There are very strict laws a landlord must follow when letting property and if they fail to comply with these rules and regulations they could find themselves in trouble and facing a fine.

Common legal issues faced by landlords

It is absolutely essential that as a landlord you understand all the laws you must adhere to when renting out property, particularly the following areas:

  • Tenant eviction
  • Tenancy deposits
  • Tenant health and safety
  • Changes to the rent
  • Harassment of tenants.

Tenant eviction

A landlord can evict a tenant at the end of their tenancy by serving a Section 21 Notice with a minimum of two month’s notice. If the tenant does not vacate the property on the specified date, the landlord must obtain an order for possession from the court before going to a court bailiff if necessary.

To evict a tenant before the end of their tenancy, a landlord must first have sufficient grounds such as:

  1. The tenant is in serious rent arrears i.e. owing at least 2 months/8 weeks rent
  2. The tenant persistently being in rent arrears
  3. The tenant causing nuisance or annoyance to the occupiers of neighbouring properties
  4. The tenant has breached an obligation in their tenancy (e.g. they have a pet in the property when the tenancy agreement specifically prohibits them from keeping any pets)

If the landlord does have sufficient grounds then they must by law serve a Section 8 Notice on their tenant before obtaining a court order for possession and enlisting the help of a court bailiff if the tenant refuses to leave the property.

Tenancy deposits

A landlord must protect the tenant’s deposit and supply the tenant with the prescribed information relating to the protection of the deposit within 30 days of receipt.
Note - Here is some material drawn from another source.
(* Let $X_1,X_2,\ldots$ be i.i.d. with mean $0$ and variance $1$, $Z_1,Z_2,\ldots$ i.i.d. $N(0,1)$ independent of the $X$'s, and $G_n\in\mathscr G_n$ with $|E(G_n)|\to\infty$. Fix $M$ with $b_M>0$ and fix $K_1,K_2\ge1$. Then for every $\varepsilon>0$, $$\lim_{n\to\infty}\Pr(|U_{11,n,M}+U_{12,n,M}|>\varepsilon)=0.$$
   Context: $\mathscr G_n$: simple undirected graphs on $\{1,\ldots,n\}$ labeled so that degrees satisfy $d_1\ge\cdots\ge d_n$; $A(G_n)=((a_{u,v}))$ adjacency matrix, $E(G_n)$ edge set. Truncation: $a_M=\mathbb E[X_1\mathbf 1\{|X_1|\le M\}]$, $b_M=\operatorname{Var}[X_1\mathbf 1\{|X_1|\le M\}]$, $X_{u,M}:=b_M^{-1/2}(X_u\mathbf 1\{|X_u|\le M\}-a_M)$. Vertex partition: $V_1=\{1,\ldots,\lfloor K_1\rfloor\}$, $V_2=\{\lfloor K_1\rfloor+1,\ldots,\lfloor K_2\sqrt{|E(G_n)|}\rfloor\}$, $V_3=\{\lfloor K_2\sqrt{|E(G_n)|}\rfloor+1,\ldots,n\}$. $A_{st}$ is the submatrix of $A(G_n)$ with rows indexed by $V_s$ and columns by $V_t$. $\bm X^{(1)}_{n,M}=(X_{u,M})_{u\in V_1}$, $\bm Z^{(2)}_n=(Z_u)_{u\in V_2}$. $U_{11,n,M}:=\frac{(\bm X^{(1)}_{n,M})^\top A_{11}\bm X^{(1)}_{n,M}}{2\sqrt{|E(G_n)|}}$ and $U_{12,n,M}:=\frac{(\bm X^{(1)}_{n,M})^\top A_{12}\bm Z^{(2)}_n}{\sqrt{|E(G_n)|}}$. *)

theory Defs
  imports "HOL-Probability.Probability"
begin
Failure to comply with the new provisions could result in the tenant making a claim for:

  • The return of the deposit, or
  • For the deposit to be protected, and
  • A penalty payable by the landlord of up to 3 times the amount of the deposit.

Section 21 Notices will be invalid if they are served on the tenant before the deposit has been protected and/or the prescribed information has been supplied to the tenant. If a landlord fails to protect a deposit within the 30 day period then they must return it to the tenant (in full or with such deductions as agreed with the tenant) prior to the service of a section 21 Notice.

Tenant Health and Safety

Landlords must provide tenants with a safe place to live throughout their tenancy. It is a legal requirement for all properties to have an annual gas safety check, electrical items must be PAT tested and furniture must meet fire safety standards.

Landlords are also responsible for most repairs of the property and must keep the equipment which supply water, gas and electricity in safe working order.

Landlords letting out Houses in Multiple Occupancy (HMO) must comply with additional regulations. This includes having:

  • An HMO licence
  • Written fire assessment, a mains operated fire alarm system and at least one fire blanket and/or fire extinguisher
  • Five-yearly electrical safety check
  • Annual gas safety certificate
  • Minimum one toilet per every five people
  • Minimum one shower/bath per every six people.

Changes to the rent

There are two periods when a landlord can legally increase a tenant’s rent; the most common being at renewal of the tenancy i.e. the fixed term has come to an end and the landlord and tenant wish to enter into a new tenancy rather than a ‘periodic’ tenancy. In this instance a new tenancy agreement detailing the increased rent is required.

A landlord can also increase the rent during a periodic tenancy by serving notice on the tenant proposing the new rent and the date upon which it will take effect. There must be a minimum period of time between the date the notice was served and the date the new rent comes into effect. This minimum period is dependent on the nature of the periodic tenancy.

Harassment of tenants

It is a criminal offence for a landlord to unlawfully harass a tenant. This means landlords must not unnecessarily disturb the tenants. If a landlord requires access they must give sufficient notice and arrange a date and time which is convenient to the tenant. Under no circumstances can a landlord enter the property without consent, even if the tenants are failing to respond to your correspondence.

It is essential landlords follows these legal requirements to the letter; failure to do so could give tenants the opportunity to claim compensation against you.